(* Let $R_1,\dots,R_6$ be six rods in $\mathbb{R}^3$ ($n_r^i=1$ for all $i$) in generic position. Suppose they intersect in the strutted configuration in which each of $R_3,R_4,R_5,R_6$ joins $R_1$ to $R_2$: there are points $\mathbf p_1\in R_1\cap R_3$, $\mathbf p_2\in R_2\cap R_3$, $\mathbf p_3\in R_1\cap R_4$, $\mathbf p_4\in R_2\cap R_4$, $\mathbf p_5\in R_1\cap R_5$, $\mathbf p_6\in R_2\cap R_5$, $\mathbf p_7\in R_1\cap R_6$, $\mathbf p_8\in R_2\cap R_6$. Then the composite body $R_1\cup\cdots\cup R_6$ is rigid.
   Context: A rod is a straight segment in $\mathbb{R}^3$ that moves as a rigid body; $n_r^i$ denotes the number of rods in component $R_i$. Positions are generic apart from the stated incidences. A union of rods is rigid if it is infinitesimally rigid in the following sense. An infinitesimal motion is admissible if it preserves, to first order, distances between points on each rod, and if points lying on a common rod keep fixed relative position along the rod to first order. For example, $\mathbf p_3$ and $\mathbf p_5$ stay fixed relative to $\mathbf p_1,\mathbf p_7$ on $R_1$, and $\mathbf p_4,\mathbf p_6$ stay fixed relative to $\mathbf p_2,\mathbf p_8$ on $R_2$. The union is rigid if every admissible infinitesimal motion is a Euclidean rigid motion of the whole union. Equivalently, the composite rigidity matrix has a right nullspace of dimension $6$. *)

theory Defs
  imports "HOL-Analysis.Analysis"
begin

definition euclid_motion_on :: "(real^3) set \<Rightarrow> (real^3 \<Rightarrow> real^3) \<Rightarrow> bool" where
  "euclid_motion_on S u \<longleftrightarrow> (\<exists>\<omega> v. \<forall>x\<in>S. u x = cross3 \<omega> x + v)"

text \<open>Admissible infinitesimal motion of a union of rods R i (i in I): each rod
  moves as a rigid body (velocity field u i on the rod), and every point common
  to two rods has the same velocity as a point of either rod (it keeps its fixed
  position along each rod).\<close>
definition admissible_motion ::
  "nat set \<Rightarrow> (nat \<Rightarrow> (real^3) set) \<Rightarrow> (nat \<Rightarrow> real^3 \<Rightarrow> real^3) \<Rightarrow> bool" where
  "admissible_motion I R u \<longleftrightarrow>
     (\<forall>i\<in>I. euclid_motion_on (R i) (u i)) \<and>
     (\<forall>i\<in>I. \<forall>j\<in>I. \<forall>x\<in>R i \<inter> R j. u i x = u j x)"

definition rigid_union :: "nat set \<Rightarrow> (nat \<Rightarrow> (real^3) set) \<Rightarrow> bool" where
  "rigid_union I R \<longleftrightarrow>
     (\<forall>u. admissible_motion I R u \<longrightarrow>
        (\<exists>\<omega> v. \<forall>i\<in>I. \<forall>x\<in>R i. u i x = cross3 \<omega> x + v))"

text \<open>Parameters of the strutted configuration: R1 is the line a + t d carrying
  p1,p3,p5,p7 (parameters t$1..t$4), R2 is the line b + s e carrying p2,p4,p6,p8
  (parameters s$1..s$4).\<close>
type_synonym strut_param = "(real^3) \<times> (real^3) \<times> (real^3) \<times> (real^3) \<times> (real^4) \<times> (real^4)"

definition strut_pt1 :: "strut_param \<Rightarrow> 4 \<Rightarrow> real^3" where
  "strut_pt1 \<theta> k = (case \<theta> of (a, d, b, e, t, s) \<Rightarrow> a + (t $ k) *\<^sub>R d)"

definition strut_pt2 :: "strut_param \<Rightarrow> 4 \<Rightarrow> real^3" where
  "strut_pt2 \<theta> k = (case \<theta> of (a, d, b, e, t, s) \<Rightarrow> b + (s $ k) *\<^sub>R e)"

definition strut_rods :: "strut_param \<Rightarrow> nat \<Rightarrow> (real^3) set" where
  "strut_rods \<theta> i =
     (if i = 1 then convex hull (range (strut_pt1 \<theta>))
      else if i = 2 then convex hull (range (strut_pt2 \<theta>))
      else if i = 3 then closed_segment (strut_pt1 \<theta> 1) (strut_pt2 \<theta> 1)
      else if i = 4 then closed_segment (strut_pt1 \<theta> 2) (strut_pt2 \<theta> 2)
      else if i = 5 then closed_segment (strut_pt1 \<theta> 3) (strut_pt2 \<theta> 3)
      else if i = 6 then closed_segment (strut_pt1 \<theta> 4) (strut_pt2 \<theta> 4)
      else {})"

end

theory Submission
  imports Defs
begin

text \<open>Write \<open>R\<^sub>1 \<subseteq> a + \<real>d\<close>, \<open>R\<^sub>2 \<subseteq> b + \<real>e\<close> and let rod \<open>i\<close> move with velocity \<open>x \<mapsto> W\<^sub>i \<times> x + V\<^sub>i\<close>.
  A strut from \<open>p = a + t d\<close> to \<open>q = b + s e\<close> keeps its length, so the relative motion
  \<open>(\<Omega>, V) = (W\<^sub>2 - W\<^sub>1, V\<^sub>2 - V\<^sub>1)\<close> satisfies \<open>(\<Omega> \<times> q + V) \<bullet> (q - p) = 0\<close>, which expands to
  \<open>g\<^sub>0 + g\<^sub>1 s + g\<^sub>2 t + g\<^sub>3 s t = 0\<close> with coefficients linear in \<open>(\<Omega>, V)\<close>. Four such equations force
  all \<open>g\<^sub>i = 0\<close> unless the points \<open>(s\<^sub>k, t\<^sub>k, s\<^sub>k t\<^sub>k)\<close> on the saddle \<open>z = s t\<close> are coplanar, and
  \<open>g = 0\<close> for skew lines forces the relative motion to be a sum of rotations about \<open>R\<^sub>1\<close> and
  \<open>R\<^sub>2\<close>; such a motion extends to one Euclidean motion of all six rods.

  Both exceptional conditions are zero sets of polynomials in the parameters, and these are null:
  each polynomial is affine in one coordinate, so away from the zero set of its slope its zero set
  is a graph over a hyperplane; the slopes form a chain ending in a nonzero constant.\<close>

unbundle cross3_syntax

lemma real_polynomial_function_vec_nth:
  "bounded_linear f \<Longrightarrow> real_polynomial_function (\<lambda>x. f x $ i)"
  by (intro real_polynomial_function.intros(1) bounded_linear_vec_nth[THEN bounded_linear_compose])

lemma negligible_zero_set_affine_along:
  fixes f k :: "'a::euclidean_space \<Rightarrow> real"
  assumes v: "v \<noteq> 0" and f: "real_polynomial_function f"
    and affine: "\<And>x y. f (x + y *\<^sub>R v) = f x + y * k x"
    and k_zeros: "negligible {x. k x = 0}"
  shows "negligible {x. f x = 0}"
proof -
  have k_eq: "k x = f (x + v) - f x" for x
    using affine[of x 1] by simp
  have k_along: "k (x + y *\<^sub>R v) = k x" for x y
    using affine[of x "y + 1"] affine[of x y] affine[of "x + y *\<^sub>R v" 1]
    by (simp add: k_eq algebra_simps)
  have k: "real_polynomial_function k"
    unfolding k_eq[abs_def] using f
    by (intro real_polynomial_function_diff real_polynomial_function_compose[unfolded o_def, of "\<lambda>x. x + v"]) auto
  define H where "H = {x. v \<bullet> x = 0}"
  \<comment> \<open>For \<open>x \<in> H\<close> with \<open>k x \<noteq> 0\<close>, the line \<open>x + \<real>v\<close> meets the zero set of \<open>f\<close> exactly at \<open>\<phi> x\<close>.\<close>
  define \<phi> where "\<phi> x = x - (f x / k x) *\<^sub>R v" for x
  have "{x. f x = 0} \<subseteq> \<phi> ` (H \<inter> {x. k x \<noteq> 0}) \<union> {x. k x = 0}"
  proof
    fix z assume "z \<in> {x. f x = 0}"
    then have fz: "f z = 0" by simp
    define c where "c = (v \<bullet> z) / (v \<bullet> v)"
    define x where "x = z - c *\<^sub>R v"
    have x_H: "x \<in> H" using v by (simp add: H_def x_def c_def inner_diff_right)
    have z: "z = x + c *\<^sub>R v" by (simp add: x_def)
    have kx: "k x = k z" using k_along[of x c] z by simp
    show "z \<in> \<phi> ` (H \<inter> {x. k x \<noteq> 0}) \<union> {x. k x = 0}"
    proof (cases "k z = 0")
      case False
      have "f x + c * k x = 0" using affine[of x c] fz z by simp
      then have "f x / k x = - c" using False kx by (simp add: field_simps)
      then have "\<phi> x = z" by (simp add: \<phi>_def z)
      with x_H False kx show ?thesis by (auto intro: image_eqI[of _ _ x])
    qed simp
  qed
  moreover have "negligible (\<phi> ` (H \<inter> {x. k x \<noteq> 0}))"
  proof (rule negligible_differentiable_image_negligible)
    show "negligible (H \<inter> {x. k x \<noteq> 0})"
      using negligible_hyperplane[of v 0] v by (simp add: H_def negligible_Int)
    show "\<phi> differentiable_on H \<inter> {x. k x \<noteq> 0}"
      unfolding \<phi>_def differentiable_on_def
      using differentiable_at_real_polynomial_function[OF f] differentiable_at_real_polynomial_function[OF k]
      by (auto intro!: derivative_intros)
  qed simp
  ultimately show ?thesis
    using k_zeros negligible_subset by (metis negligible_Un)
qed

lemma cross3_basis_expansion:
  fixes c d e x :: "real^3"
  shows "(c \<bullet> (d \<times> e)) *\<^sub>R x = (x \<bullet> (d \<times> e)) *\<^sub>R c + (x \<bullet> (e \<times> c)) *\<^sub>R d + (x \<bullet> (c \<times> d)) *\<^sub>R e"
  by (simp add: cross3_simps forall_3)

lemma cross3_dual_basis_expansion:
  fixes c d e x :: "real^3"
  shows "(c \<bullet> (d \<times> e)) *\<^sub>R x = (x \<bullet> c) *\<^sub>R (d \<times> e) + (x \<bullet> d) *\<^sub>R (e \<times> c) + (x \<bullet> e) *\<^sub>R (c \<times> d)"
  by (simp add: cross3_simps forall_3)

lemma orthogonal_to_basis_eq_0:
  fixes c d e x :: "real^3"
  assumes "c \<bullet> (d \<times> e) \<noteq> 0" "x \<bullet> c = 0" "x \<bullet> d = 0" "x \<bullet> e = 0"
  shows "x = 0"
  using cross3_dual_basis_expansion[of c d e x] assms by simp

lemma affine_functional_vanishing_on_tetrahedron:
  fixes p1 p2 p3 p4 g :: "real^3"
  assumes "(p2 - p1) \<bullet> ((p3 - p1) \<times> (p4 - p1)) \<noteq> 0"
    and "c + g \<bullet> p1 = 0" "c + g \<bullet> p2 = 0" "c + g \<bullet> p3 = 0" "c + g \<bullet> p4 = 0"
  shows "g = 0 \<and> c = 0"
proof -
  have "g = 0"
    by (rule orthogonal_to_basis_eq_0[OF assms(1)]) (use assms(2-5) in \<open>simp_all add: inner_diff_right\<close>)
  with assms(2) show ?thesis by simp
qed

lemma rigid_velocity_eq_on_closed_segment:
  fixes w v w' v' p q x :: "real^3"
  assumes "w \<times> p + v = w' \<times> p + v'" "w \<times> q + v = w' \<times> q + v'" "x \<in> closed_segment p q"
  shows "w \<times> x + v = w' \<times> x + v'"
proof -
  obtain l where x: "x = (1 - l) *\<^sub>R p + l *\<^sub>R q"
    using assms(3) unfolding closed_segment_def by blast
  have "c \<times> x + z = (1 - l) *\<^sub>R (c \<times> p + z) + l *\<^sub>R (c \<times> q + z)" for c z
    unfolding x by (simp add: cross3_simps forall_3)
  from this[of w v] this[of w' v'] show ?thesis using assms(1,2) by simp
qed

lemma strut_velocity_constraint:
  fixes w v w1 v1 w2 v2 p q :: "real^3"
  assumes "w1 \<times> p + v1 = w \<times> p + v" "w2 \<times> q + v2 = w \<times> q + v"
  shows "((w2 - w1) \<times> q + (v2 - v1)) \<bullet> (q - p) = 0"
proof -
  have "(w2 - w1) \<times> q + (v2 - v1) = (w - w1) \<times> (q - p)"
    using assms by (simp add: cross3_simps forall_3)
  then show ?thesis by (simp add: dot_cross_self)
qed

lemma convex_hull_points_on_line:
  fixes a d :: "'a::real_vector"
  shows "convex hull (range (\<lambda>k. a + c k *\<^sub>R d)) \<subseteq> range (\<lambda>\<tau>. a + \<tau> *\<^sub>R d)"
proof (rule hull_minimal)
  have "range (\<lambda>\<tau>. a + \<tau> *\<^sub>R d) = (+) a ` span {d}"
    by (auto simp: span_singleton)
  then show "convex (range (\<lambda>\<tau>. a + \<tau> *\<^sub>R d))"
    by (simp add: subspace_imp_convex)
qed auto

definition saddle_lift :: "real^4 \<Rightarrow> real^4 \<Rightarrow> 4 \<Rightarrow> real^3" where
  "saddle_lift s t k = vector [s$k, t$k, s$k * t$k]"

definition saddle_volume :: "real^4 \<Rightarrow> real^4 \<Rightarrow> real" where
  "saddle_volume s t = (saddle_lift s t 2 - saddle_lift s t 1) \<bullet>
     ((saddle_lift s t 3 - saddle_lift s t 1) \<times> (saddle_lift s t 4 - saddle_lift s t 1))"

lemma relative_motion_between_skew_lines:
  fixes \<Omega> V a d b e :: "real^3"
  assumes T: "(b - a) \<bullet> (d \<times> e) \<noteq> 0"
    and g0: "\<Omega> \<bullet> (a \<times> b) + V \<bullet> (b - a) = 0"
    and g1: "\<Omega> \<bullet> (a \<times> e) + V \<bullet> e = 0"
    and g2: "\<Omega> \<bullet> (d \<times> b) - V \<bullet> d = 0"
    and g3: "\<Omega> \<bullet> (d \<times> e) = 0"
  obtains \<alpha> \<beta> where "\<And>x. \<Omega> \<times> x + V = \<alpha> *\<^sub>R (d \<times> (x - a)) + \<beta> *\<^sub>R (e \<times> (x - b))"
proof -
  define c where "c = b - a"
  define \<alpha> where "\<alpha> = (\<Omega> \<bullet> (e \<times> c)) / (c \<bullet> (d \<times> e))"
  define \<beta> where "\<beta> = (\<Omega> \<bullet> (c \<times> d)) / (c \<bullet> (d \<times> e))"
  have "(c \<bullet> (d \<times> e)) *\<^sub>R \<Omega> = (c \<bullet> (d \<times> e)) *\<^sub>R (\<alpha> *\<^sub>R d + \<beta> *\<^sub>R e)"
    using cross3_basis_expansion[of c d e \<Omega>] g3 T by (simp add: \<alpha>_def \<beta>_def c_def scaleR_right_distrib)
  then have \<Omega>: "\<Omega> = \<alpha> *\<^sub>R d + \<beta> *\<^sub>R e" using T by (simp add: c_def)
  define V' where "V' = V - (\<alpha> *\<^sub>R (a \<times> d) + \<beta> *\<^sub>R (b \<times> e))"
  have "V' \<bullet> c = \<Omega> \<bullet> (a \<times> b) + V \<bullet> (b - a)" "V' \<bullet> d = - (\<Omega> \<bullet> (d \<times> b) - V \<bullet> d)"
    "V' \<bullet> e = \<Omega> \<bullet> (a \<times> e) + V \<bullet> e"
    unfolding V'_def c_def \<Omega> by (simp_all add: cross3_simps forall_3)
  then have "V' \<bullet> c = 0" "V' \<bullet> d = 0" "V' \<bullet> e = 0" using g0 g1 g2 by simp_all
  then have "V' = 0" using orthogonal_to_basis_eq_0 T by (simp add: c_def)
  then have "\<Omega> \<times> x + V = \<alpha> *\<^sub>R (d \<times> (x - a)) + \<beta> *\<^sub>R (e \<times> (x - b))" for x
    unfolding V'_def \<Omega> by (simp add: cross3_simps forall_3)
  then show ?thesis by (rule that)
qed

What the exercise asks:
Set down, exactly as they appear above, all lines from the one that has "c] z by simp" down to the one that has "unfolding \<phi>_def differentiable_on_def", including those two and no others.

Solution below:
    have kx: "k x = k z" using k_along[of x c] z by simp
    show "z \<in> \<phi> ` (H \<inter> {x. k x \<noteq> 0}) \<union> {x. k x = 0}"
    proof (cases "k z = 0")
      case False
      have "f x + c * k x = 0" using affine[of x c] fz z by simp
      then have "f x / k x = - c" using False kx by (simp add: field_simps)
      then have "\<phi> x = z" by (simp add: \<phi>_def z)
      with x_H False kx show ?thesis by (auto intro: image_eqI[of _ _ x])
    qed simp
  qed
  moreover have "negligible (\<phi> ` (H \<inter> {x. k x \<noteq> 0}))"
  proof (rule negligible_differentiable_image_negligible)
    show "negligible (H \<inter> {x. k x \<noteq> 0})"
      using negligible_hyperplane[of v 0] v by (simp add: H_def negligible_Int)
    show "\<phi> differentiable_on H \<inter> {x. k x \<noteq> 0}"
      unfolding \<phi>_def differentiable_on_def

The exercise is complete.